Nat Hinchliffe, front left, gained gold, but the news was not quite so good for Lincoln Martyn, also front, and Kuany Kutah, Lachlan Hinchliffe and Harley Broom at last weekend’s Nationals. File Photo

Nat's streak of boxing gold

HE'S not ready for a showdown with Danny Green, but young Rockhampton PCYC boxer Nat Hinchliffe is more than a match for any of the competitors he has met in his short boxing career.

Hinchliffe was one of five boxers from the club who travelled to Victoria last week for the National Titles, but he was the only one to return wearing gold.

Fighting in the 51kg division, Hinchliffe was up against young Victorian Matt McEwan, but was far too good, bringing his fight record to nine wins from nine bouts.

“Nat is a polished little fighter,” veteran PCYC trainer Des Upton acknowledged.

“He outboxed and outhit the other bloke.”
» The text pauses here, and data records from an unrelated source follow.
lemma rl_le_tx: "alg_run I A \<Longrightarrow> c \<in> chunks I A \<Longrightarrow> rl I (fst c) \<le> tx A c"
  unfolding alg_run_def by blast

lemma rl_le_of_prec:
  assumes V: "valid_inst I" and "p \<in> Pk I" "q \<in> Pk I" "prec I q p"
  shows "rl I q \<le> rl I p"
proof (rule ccontr)
  assume "\<not> rl I q \<le> rl I p"
  moreover have "rl I p < rl I q \<Longrightarrow> prec I p q" "prec I p q \<Longrightarrow> prec I p p" "\<not> prec I p p"
    using V assms(2-4) unfolding valid_inst_def by blast+
  ultimately show False by linarith
qed

lemma same_step_chunks_not_adjacent:
  assumes V: "valid_inst I" and R: "alg_run I A"
    and c: "c \<in> chunks I A" and c': "c' \<in> chunks I A" and same: "tx A c = tx A c'" and "c \<noteq> c'"
  shows "\<not> adjacent (cedge A c) (cedge A c')"
proof -
  define s where "s = tx A c"
  have "rl I (fst c) \<ge> 1" using rl_pos[OF V] c unfolding chunks_def by auto
  then have "s \<ge> 1" using rl_le_tx[OF R c] unfolding s_def by linarith
  then obtain L where L: "{c \<in> pending I A s. tx A c = s} =
      greedy_aux (\<lambda>c' c. adjacent (cedge A c') (cedge A c)) {} L"
    using R unfolding alg_run_def by blast
  have "c \<in> {c \<in> pending I A s. tx A c = s}" "c' \<in> {c \<in> pending I A s. tx A c = s}"
    using c c' same rl_le_tx[OF R c] rl_le_tx[OF R c'] unfolding s_def pending_def by auto
  moreover have "\<forall>a\<in>greedy_aux (\<lambda>c' c. adjacent (cedge A c') (cedge A c)) {} L.
      \<forall>b\<in>greedy_aux (\<lambda>c' c. adjacent (cedge A c') (cedge A c)) {} L.
        a \<noteq> b \<longrightarrow> \<not> adjacent (cedge A a) (cedge A b)"
    by (rule greedy_aux_independent) (auto simp: adjacent_def)
  ultimately show ?thesis
    using L \<open>c \<noteq> c'\<close> by auto
qed

lemma card_port_transmissions_le_1:
  assumes V: "valid_inst I" and R: "alg_run I A"
    and port: "\<And>e e'. \<pi> e = \<pi> e' \<Longrightarrow> adjacent e e'"
  shows "card {c \<in> chunks I A. tx A c = s \<and> \<pi> (cedge A c) = u} \<le> 1"
proof -
  have fin: "finite {c \<in> chunks I A. tx A c = s \<and> \<pi> (cedge A c) = u}"
    using chunks_finite[OF V] by simp
  have "a = b" if "a \<in> chunks I A" "b \<in> chunks I A" "tx A a = tx A b"
      "\<pi> (cedge A a) = \<pi> (cedge A b)" for a b
    using same_step_chunks_not_adjacent[OF V R that(1-3)] port[OF that(4)] by blast
  then show ?thesis
    unfolding One_nat_def card_le_Suc0_iff_eq[OF fin] by auto
qed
Upton is expecting great things from young Hinchliffe in future years as he has the style and determination to be highly successful in the sport.

For various reasons the others who made the trip returned with a less successful record.
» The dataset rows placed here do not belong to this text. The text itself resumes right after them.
(* Let $V$ be a $K$-vector space and let $Moor(V)=V\otimes S(V)$ be the free $Moor$-algebra over $V$, with product determined by $(v\otimes\omega)\prec(v'\otimes 1)=v\otimes(\omega\vee v')$ and $(v\otimes\omega)\prec(v'\otimes\omega')=0$ for $\omega'\in S^n(V)$, $n\geq 1$, graded by $Moor(V)_n=V\otimes S^{n-1}(V)$ for $n\geq 1$. Then $Moor(V)$ can be equipped with a cooperation making it a connected $Moor$-bialgebra.
   Context: $K$ is a field of characteristic zero; $S(V)=K\oplus\bigoplus_{n>0}S^n(V)$ is the symmetric algebra with product $\vee$, and $1\in K=S^0(V)$; $\tau$ is the flip map. A $Moor$-bialgebra is a graded vector space $\mathcal{H}=\bigoplus_{p>0}\mathcal{H}_p$ with a bilinear operation $\prec$ satisfying $\mathcal{H}_p\prec\mathcal{H}_q\subseteq\mathcal{H}_{p+q}$, $(x\prec y)\prec z=(x\prec z)\prec y$ and $x\prec(y\prec z)=0$, together with a linear map $\Delta:\mathcal{H}\to\mathcal{H}\otimes\mathcal{H}$ (Sweedler notation $\Delta(x)=x_{(1)}\otimes x_{(2)}$) satisfying $(\mathrm{id}\otimes\Delta)\Delta=0$, $(\Delta\otimes\mathrm{id})\Delta=(\mathrm{id}\otimes\tau)(\Delta\otimes\mathrm{id})\Delta$, and $\Delta(x\prec y)=x\otimes e(y)+(x_{(1)}\prec y)\otimes x_{(2)}$ for all $x,y$, where $e:\mathcal{H}\to\mathcal{H}_1$ is the canonical projection. Set $\Delta^{(1)}=\Delta$ and $\Delta^{(r)}=(\Delta\otimes\mathrm{id}^{\otimes(r-1)})\Delta^{(r-1)}$. The $Moor$-bialgebra is connected if $\ker\Delta\subseteq\mathcal{H}_1$ and $\mathcal{H}=\bigcup_{r\geq 1}\ker\Delta^{(r)}$. *)

theory Defs
  imports "HOL-Library.Poly_Mapping" "HOL-Library.Multiset"
begin

(* A vector space with basis 'a over the field 'k is modelled as 'a <Rightarrow><^sub>0 'k.
  Tensor powers of such a space are modelled as ('a list <Rightarrow><^sub>0 'k): the n-th tensor power
  is spanned by lists of basis elements of length n. *)

definition smult :: "'k::field \<Rightarrow> ('a \<Rightarrow>\<^sub>0 'k) \<Rightarrow> ('a \<Rightarrow>\<^sub>0 'k)" where
  "smult c x = Poly_Mapping.map (\<lambda>v. c * v) x"

definition lin_ext :: "('a \<Rightarrow> ('b \<Rightarrow>\<^sub>0 'k::field)) \<Rightarrow> ('a \<Rightarrow>\<^sub>0 'k) \<Rightarrow> ('b \<Rightarrow>\<^sub>0 'k)" where
  "lin_ext f x = (\<Sum>a\<in>Poly_Mapping.keys x. smult (Poly_Mapping.lookup x a) (f a))"

definition basis_vec :: "'a \<Rightarrow> ('a \<Rightarrow>\<^sub>0 'k::field)" where
  "basis_vec a = Poly_Mapping.single a 1"

definition linear_map :: "(('a \<Rightarrow>\<^sub>0 'k::field) \<Rightarrow> ('b \<Rightarrow>\<^sub>0 'k)) \<Rightarrow> bool" where
  "linear_map f \<longleftrightarrow> (\<forall>x y. f (x + y) = f x + f y) \<and> (\<forall>c x. f (smult c x) = smult c (f x))"

definition bilinear_op :: "(('a \<Rightarrow>\<^sub>0 'k::field) \<Rightarrow> ('a \<Rightarrow>\<^sub>0 'k) \<Rightarrow> ('a \<Rightarrow>\<^sub>0 'k)) \<Rightarrow> bool" where
  "bilinear_op p \<longleftrightarrow> (\<forall>y. linear_map (\<lambda>x. p x y)) \<and> (\<forall>x. linear_map (\<lambda>y. p x y))"

definition tprod :: "('a list \<Rightarrow>\<^sub>0 'k::field) \<Rightarrow> ('a list \<Rightarrow>\<^sub>0 'k) \<Rightarrow> ('a list \<Rightarrow>\<^sub>0 'k)" where
  "tprod t u = lin_ext (\<lambda>as. lin_ext (\<lambda>bs. basis_vec (as @ bs)) u) t"

definition tens1 :: "('a \<Rightarrow>\<^sub>0 'k::field) \<Rightarrow> ('a list \<Rightarrow>\<^sub>0 'k)" where
  "tens1 x = lin_ext (\<lambda>a. basis_vec [a]) x"

definition tens2 :: "('a \<Rightarrow>\<^sub>0 'k::field) \<Rightarrow> ('a \<Rightarrow>\<^sub>0 'k) \<Rightarrow> ('a list \<Rightarrow>\<^sub>0 'k)" where
  "tens2 x y = tprod (tens1 x) (tens1 y)"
Upton’s “Kid Dynamite”, Lincoln Martyn, faced an uphill task when he met Tasmanian Jack Seabourne.

Martyn can handle himself against the best in the 38kg division and has won the titles to prove it.

The youngster has even stepped up to the 41kg division with success.

However, with the prospect of not gaining a contest at the Nationals, Martyn stepped up to take on Seabourne in the 44.5kg division, and giving away almost seven kilogram proved to be too much even for the big-hearted Rockhampton fighter.

“He fought well,” Upton said.

“Lincoln put on a good show, but the other fellow was able to walk through him.”

The reason for the lack of fighters in Martyn’s weight division is an age restriction on competitive boxing in both New South Wales and Victoria.

Harley Broom was close to winning gold, but tired during the second half of his contest with Queensland’s Jason Cooper.

“He won the first two rounds,” Upton said.

Nevertheless the judges were divided in their marking with Cooper winning by a slender margin.

“They’ve fought once before and Cooper beat him,” Upton said.

“Harley will have to train a little harder; this was a wake-up call.

“It’s a hard game and you need to be dedicated.”

The normally dependable Lachlan Hinchliffe, cousin of Nat Hinchliffe, had a tournament he would prefer to forget, going down to a New South Wales boxer.

“Lachlan did not fight well at all,” Upton confirmed.

The same could not be said of Kuany Kutah although, unfortunately, the outcome was similar.

Fighting Ty Gilchrist in the 63.5kg division there was very little between the pair with the judges awarding the contest to Gilchrist on a split decision.

“There was nothing in the fight,” Upton recalled. “Kuany is still inexperienced, but he’s a beautiful boxer once he gets going.”

Upton said his boxing team would rest over the festive season before training begins once more early in the new year.